Dataset excerpts
(* Let $\alpha>1$ and let $d>1$ be an integer. Let $L_d(\alpha)=\{\alpha^n : n\in\mathbb{N}_0\}^d\subseteq\mathbb{R}^d$ and $k=\left\lfloor\sqrt{\tfrac{1}{\alpha-1}}\,\right\rfloor$. Then \[h(L_d(\alpha))\ge\binom{k+d-1}{d-1}.\]
   Context: For a set $S\subseteq\mathbb{R}^d$, the Helly number $h(S)$ is the smallest $h$ such that the following holds: for every finite family $\mathcal{F}$ of convex sets in $\mathbb{R}^d$, if every $h$ or fewer sets of $\mathcal{F}$ have a point of $S$ in their intersection, then the intersection of all sets of $\mathcal{F}$ contains a point of $S$. If no such $h$ exists, $h(S)=\infty$. Here $\mathbb{N}_0=\{0,1,2,\dots\}$. *)

theory Defs
  imports "HOL-Analysis.Analysis" "HOL-Library.Extended_Nat"
begin

definition helly_prop :: "('a::real_vector) set \<Rightarrow> nat \<Rightarrow> bool" where
  "helly_prop S h \<longleftrightarrow>
     (\<forall>F. finite F \<and> (\<forall>C\<in>F. convex C) \<and>
          (\<forall>G. G \<subseteq> F \<and> card G \<le> h \<longrightarrow> \<Inter>G \<inter> S \<noteq> {})
        \<longrightarrow> \<Inter>F \<inter> S \<noteq> {})"

definition helly_number :: "('a::real_vector) set \<Rightarrow> enat" where
  "helly_number S = (if \<exists>h. helly_prop S h then enat (LEAST h. helly_prop S h) else \<infinity>)"

definition lattice_L :: "real \<Rightarrow> (real ^ 'n) set" where
  "lattice_L \<alpha> = {x. \<forall>i. \<exists>n::nat. x $ i = \<alpha> ^ n}"

end

theory Submission
  imports Defs "HOL-Library.Multiset"
begin

text \<open>Let X be the set of points \<open>\<alpha>\<^sup>a = (\<alpha>^a\<^sub>1, \<dots>, \<alpha>^a\<^sub>d)\<close> with
  \<open>a\<^sub>1 + \<dots> + a\<^sub>d = k\<close>; it has \<open>(k + d - 1 choose d - 1)\<close> elements. If no point of X lies
  in the convex hull of the others and \<open>conv X\<close> contains no further point of \<open>L\<^sub>d(\<alpha>)\<close>,
  then the sets \<open>conv (X - {x})\<close>, \<open>x \<in> X\<close>, witness \<open>h(L\<^sub>d(\<alpha>)) \<ge> |X|\<close>: any \<open>|X| - 1\<close>
  of them share a point of X, but a point of \<open>L\<^sub>d(\<alpha>)\<close> common to all of them would be a
  point of \<open>conv X\<close> outside X.

  Both properties come from separating a lattice point \<open>\<alpha>\<^sup>b\<close> from the points \<open>\<alpha>\<^sup>a\<close> by a
  hyperplane with normal \<open>(\<alpha>^-b\<^sub>i)\<^sub>i\<close>. If \<open>|b| \<le> |a|\<close> and \<open>a \<noteq> b\<close>, then
  \<open>\<Sum>\<^sub>i \<alpha>^(a\<^sub>i - b\<^sub>i) > d\<close> because \<open>e\<^sup>x > 1 + x\<close> for \<open>x \<noteq> 0\<close>. If \<open>|b| > k\<close>, the normal is
  restricted to the support J of b; let P and N be the sums over J of the positive and
  negative parts of \<open>a\<^sub>i - b\<^sub>i\<close>. Superadditivity of \<open>n \<mapsto> \<beta>\<^sup>n - 1\<close> gives \<open>\<Sum>\<^sub>J \<alpha>^(a\<^sub>i - b\<^sub>i) \<le> |J| + \<alpha>\<^sup>P + \<alpha>^-N - 2\<close>,
  where \<open>N > P\<close>, and \<open>P < k\<close> unless \<open>P = 0\<close>. Finally, with \<open>t = ln \<alpha>\<close> and
  \<open>s = (P + 1/2) t\<close>, \<open>\<alpha>\<^sup>P + \<alpha>^-(P+1) = 2 e^(-t/2) cosh s \<le> 2 e^((s\<^sup>2 - t)/2) < 2\<close>, since
  \<open>s\<^sup>2 < k\<^sup>2 t\<^sup>2 \<le> k\<^sup>2 (\<alpha> - 1) t \<le> t\<close>: this is where the choice of k enters.\<close>

lemma sum_count_UNIV: "sum (count M) (UNIV :: 'a::finite set) = size M"
proof -
  have "size M = sum (count M) (set_mset M)"
    by (simp add: size_multiset_overloaded_eq)
  also have "\<dots> = sum (count M) UNIV"
    by (rule sum.mono_neutral_left) (auto simp: not_in_iff)
  finally show ?thesis by simp
qed

lemma card_funs_sum_eq:
  "card {a :: 'a::finite \<Rightarrow> nat. sum a UNIV = k} = (k + CARD('a) - 1) choose (CARD('a) - 1)"
proof -
  have "bij_betw count (multisets_of_size UNIV k) {a :: 'a \<Rightarrow> nat. sum a UNIV = k}"
  proof (rule bij_betwI[where g = Abs_multiset])
    show "count \<in> multisets_of_size UNIV k \<rightarrow> {a :: 'a \<Rightarrow> nat. sum a UNIV = k}"
      by (auto simp: multisets_of_size_def sum_count_UNIV)
    show "Abs_multiset \<in> {a :: 'a \<Rightarrow> nat. sum a UNIV = k} \<rightarrow> multisets_of_size UNIV k"
      by (auto simp: multisets_of_size_def count_Abs_multiset simp flip: sum_count_UNIV)
  qed (auto simp: count_Abs_multiset count_inverse)
  then have "card {a :: 'a \<Rightarrow> nat. sum a UNIV = k} = card (multisets_of_size (UNIV :: 'a set) k)"
    by (simp add: bij_betw_same_card)
  also have "\<dots> = (CARD('a) + k - 1) choose k"
    by (simp add: card_multisets_of_size)
  also have "\<dots> = (k + CARD('a) - 1) choose (CARD('a) - 1)"
    by (subst binomial_symmetric) (auto simp: add.commute Suc_le_eq)
  finally show ?thesis .
qed

lemma two_power_mult_fact_le_fact_double: "2 ^ m * fact m \<le> (fact (2 * m) :: real)"
proof (induction m)
  case 0
  then show ?case by simp
next
  case (Suc m)
  have "(2::real) ^ Suc m * fact (Suc m) = (2 * real m + 2) * (2 ^ m * fact m)"
    by (simp add: algebra_simps)
  also have "\<dots> \<le> ((2 * real m + 2) * (2 * real m + 1)) * fact (2 * m)"
    by (rule mult_mono) (use Suc in \<open>auto simp: algebra_simps\<close>)
  also have "\<dots> = fact (2 * Suc m)"
    by (simp add: algebra_simps)
  finally show ?case .
qed

lemma cosh_le_exp_half_square: "cosh x \<le> exp (x\<^sup>2 / 2)" for x :: real
proof -
  have "(\<lambda>n. if even n then (x\<^sup>2 / 2) ^ (n div 2) /\<^sub>R fact (n div 2) else 0) sums exp (x\<^sup>2 / 2)"
    using sums_if[OF sums_zero exp_converges[of "x\<^sup>2 / 2"]] by simp
  then show ?thesis
  proof (rule sums_le[OF _ cosh_converges, rotated])
    fix n :: nat
    show "(if even n then x ^ n /\<^sub>R fact n else 0)
      \<le> (if even n then (x\<^sup>2 / 2) ^ (n div 2) /\<^sub>R fact (n div 2) else 0)"
    proof (cases "even n")
      case True
      then obtain m where n: "n = 2 * m" by blast
      have "x ^ n /\<^sub>R fact n = (x\<^sup>2) ^ m / fact (2 * m)"
        unfolding n power_mult by (simp add: field_simps)
      also have "\<dots> \<le> (x\<^sup>2) ^ m / (2 ^ m * fact m)"
        by (rule divide_left_mono[OF two_power_mult_fact_le_fact_double]) auto
      also have "\<dots> = (x\<^sup>2 / 2) ^ (n div 2) /\<^sub>R fact (n div 2)"
        by (simp add: n power_divide field_simps)
      finally show ?thesis
        using True by simp
    qed simp
  qed
qed

lemma add_one_less_exp:
  fixes x :: real
  assumes "x \<noteq> 0"
  shows "1 + x < exp x"
proof (cases "1 + x / 2 < 0")
  case True
  then show ?thesis using exp_gt_zero[of x] by linarith
next
  case False
  have "(1 + x / 2)\<^sup>2 = 1 + x + x\<^sup>2 / 4"
    by (simp add: power2_eq_square field_simps)
  then have "1 + x < (1 + x / 2)\<^sup>2"
    using assms by simp
  also have "\<dots> \<le> exp (x / 2) ^ 2"
    using False exp_ge_add_one_self[of "x / 2"] by (intro power_mono) auto
  also have "\<dots> = exp x"
    by (simp flip: exp_of_nat_mult)
  finally show ?thesis .
qed

lemma power_ratio_eq_exp:
  fixes \<alpha> :: real
  assumes "\<alpha> > 0"
  shows "\<alpha> ^ m / \<alpha> ^ n = exp ((real m - real n) * ln \<alpha>)"
  using assms by (simp add: left_diff_distrib exp_diff exp_of_nat_mult)

lemma power_ratio_split:
  fixes \<alpha> :: real
  assumes "\<alpha> > 0"
  shows "\<alpha> ^ m / \<alpha> ^ n = (\<alpha> ^ (m - n) - 1) + ((1 / \<alpha>) ^ (n - m) - 1) + 1"
proof (cases "n \<le> m")
  case True
  then show ?thesis
    using assms by (simp add: power_diff)
next
  case False
  then have "\<alpha> ^ n = \<alpha> ^ m * \<alpha> ^ (n - m)"
    by (simp flip: power_add)
  then show ?thesis
    using assms False by (simp add: power_one_over)
qed

lemma sum_power_minus_one_le_power_sum_minus_one:
  fixes \<beta> :: real
  assumes "\<beta> \<ge> 0" "finite I"
  shows "(\<Sum>i\<in>I. \<beta> ^ n i - 1) \<le> \<beta> ^ (\<Sum>i\<in>I. n i) - 1"
  using assms(2)
proof (induction I rule: finite_induct)
  case empty
  then show ?case by simp
next
  case (insert x F)
  have "0 \<le> (\<beta> ^ n x - 1) * (\<beta> ^ (\<Sum>i\<in>F. n i) - 1)"
  proof (cases "\<beta> \<ge> 1")
    case True
    then show ?thesis by (simp add: one_le_power)
  next
    case False
    then show ?thesis
      using assms(1) by (intro mult_nonpos_nonpos) (auto simp: power_le_one)
  qed
  then show ?case
    using insert by (simp add: power_add algebra_simps)
qed

lemma power_add_inverse_power_lt_two:
  fixes \<alpha> :: real
  assumes "\<alpha> > 1" "real k ^ 2 * (\<alpha> - 1) \<le> 1" "P < k"
  shows "\<alpha> ^ P + (1 / \<alpha>) ^ Suc P < 2"
proof -
  define t where "t = ln \<alpha>"
  define s where "s = (real P + 1 / 2) * t"
  have t: "0 < t" "t \<le> \<alpha> - 1"
    using assms(1) ln_le_minus_one[of \<alpha>] by (auto simp: t_def)
  have "s\<^sup>2 = (real P + 1 / 2)\<^sup>2 * t * t"
    by (simp add: s_def power2_eq_square)
  also have "\<dots> < real k ^ 2 * (\<alpha> - 1) * t"
    using assms(3) t by (intro mult_strict_right_mono mult_less_le_imp_less power_strict_mono) auto
  also have "\<dots> \<le> t"
    using assms(2) t by simp
  finally have "s\<^sup>2 < t" .
  have power_eq: "\<alpha> ^ n = exp (real n * t)" for n
    using assms(1) by (simp add: t_def exp_of_nat_mult)
  have "\<alpha> ^ P + (1 / \<alpha>) ^ Suc P = exp (real P * t) + exp (- (real (Suc P) * t))"
    unfolding power_one_over power_eq exp_minus by (simp only: inverse_eq_divide)
  also have "\<dots> = exp (- t / 2 + s) + exp (- t / 2 + - s)"
    by (simp add: s_def algebra_simps)
  also have "\<dots> = exp (- t / 2) * (2 * cosh s)"
    by (simp only: exp_add cosh_field_def) (simp add: algebra_simps)
  also have "\<dots> \<le> exp (- t / 2) * (2 * exp (s\<^sup>2 / 2))"
    by (intro mult_left_mono cosh_le_exp_half_square) auto
  also have "\<dots> = 2 * exp ((s\<^sup>2 - t) / 2)"
    by (simp add: diff_divide_distrib flip: exp_add)
  also have "\<dots> < 2"
    using \<open>s\<^sup>2 < t\<close> by simp
  finally show ?thesis .
qed

lemma nat_floor_sqrt_inverse_bound:
  fixes \<alpha> :: real
  assumes "\<alpha> > 1"
  shows "real (nat \<lfloor>sqrt (1 / (\<alpha> - 1))\<rfloor>) ^ 2 * (\<alpha> - 1) \<le> 1"
proof -
  have "real (nat \<lfloor>sqrt (1 / (\<alpha> - 1))\<rfloor>) \<le> sqrt (1 / (\<alpha> - 1))"
    using assms by simp
  then have "real (nat \<lfloor>sqrt (1 / (\<alpha> - 1))\<rfloor>) ^ 2 \<le> sqrt (1 / (\<alpha> - 1)) ^ 2"
    by (rule power_mono) simp
  also have "\<dots> = 1 / (\<alpha> - 1)"
    using assms by simp
  finally show ?thesis
    using assms by (simp add: field_simps)
qed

- [Work instructions] Copy all lines above where "rule" is present.

- [Response]
    by (rule sum.mono_neutral_left) (auto simp: not_in_iff)
  proof (rule bij_betwI[where g = Abs_multiset])
    by (rule mult_mono) (use Suc in \<open>auto simp: algebra_simps\<close>)
  proof (rule sums_le[OF _ cosh_converges, rotated])
        by (rule divide_left_mono[OF two_power_mult_fact_le_fact_double]) auto
proof (induction I rule: finite_induct)
    by (rule power_mono) simp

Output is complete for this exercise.